### ASSIGNED TASK
From the line containing "theory Defs" down to the last line of the records below, copy every line exactly. Leave out everything before it.
[DATA RECORDS Boundary: Start]
(* Let $\mathcal{C}$ be a finite class of pairwise disjoint nonempty subsets of $\mathcal{V}$, let $\nu$ be the uniform prior on $\mathcal{C}$, let $\Phi$ be a parameter set carrying a probability measure $\pi$, and let $\{\Gamma(\phi):\phi\in\Phi\}$ be a family of covariance matrices indexed by $\mathcal{V}$ such that every principal submatrix $\Gamma_S(\phi)$ is nonsingular. Then \[ \bar R^*_{\nu,\pi}\;\ge\;1-\frac{1}{2|\mathcal{C}|}\Big(\sum_{S\in\mathcal{C}}V_S\Big)^{1/2}, \qquad V_S:=\mathbb{E}_{\pi}\left[\left(\frac{\det(\Gamma_S^{-1}(\phi_1))\det(\Gamma_S^{-1}(\phi_2))}{\det\big(\Gamma_S^{-1}(\phi_1)+\Gamma_S^{-1}(\phi_2)-I_S\big)}\right)^{1/2}\right], \] where $\phi_1,\phi_2$ are drawn i.i.d. from $\pi$. (If $\Gamma_S^{-1}(\phi_1)+\Gamma_S^{-1}(\phi_2)-I_S$ fails to be positive definite with positive $\pi\otimes\pi$-probability, $V_S$ is interpreted as $+\infty$ and the bound is trivial.)
   Context: Testing setting: $\mathcal{V}=\{1,\dots,m\}^d$. One observes $X=(X_i)_{i\in\mathcal V}$. Under $\mathbb{P}_0$ the $X_i$ are i.i.d. $N(0,1)$. For $S\subset\mathcal V$ and a covariance matrix $\Gamma$, under $\mathbb{P}_{S,\Gamma}$ the vector $X_S=(X_i)_{i\in S}$ is $N(0,\Gamma_S)$ (with $\Gamma_S$ the principal submatrix indexed by $S$), independent of $(X_i)_{i\notin S}$, which are i.i.d. $N(0,1)$. A test is a measurable $f:\mathbb{R}^{\mathcal V}\to\{0,1\}$. For a prior $\nu$ on $\mathcal C$ and a prior $\pi$ on $\Phi$, the Bayes risk is $\bar R^*_{\nu,\pi}=\inf_f\Big[\mathbb{P}_0\{f(X)=1\}+\sum_{S\in\mathcal C}\nu(S)\int\mathbb{P}_{S,\Gamma(\phi)}\{f(X)=0\}\,\pi(d\phi)\Big]$, the infimum over all tests. $I_S$ is the identity matrix indexed by $S$. *)

theory Defs
  imports "HOL-Probability.Probability"
begin

text \<open>The index set V = {1..m}^d, vertices represented as lists of length d.\<close>
definition grid :: "nat \<Rightarrow> nat \<Rightarrow> nat list set" where
  "grid m d = {v. length v = d \<and> set v \<subseteq> {1..m}}"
[DATA RECORDS Boundary: End]
### ANSWER BOX
theory Defs
  imports "HOL-Probability.Probability"
begin

text \<open>The index set V = {1..m}^d, vertices represented as lists of length d.\<close>
definition grid :: "nat \<Rightarrow> nat \<Rightarrow> nat list set" where
  "grid m d = {v. length v = d \<and> set v \<subseteq> {1..m}}"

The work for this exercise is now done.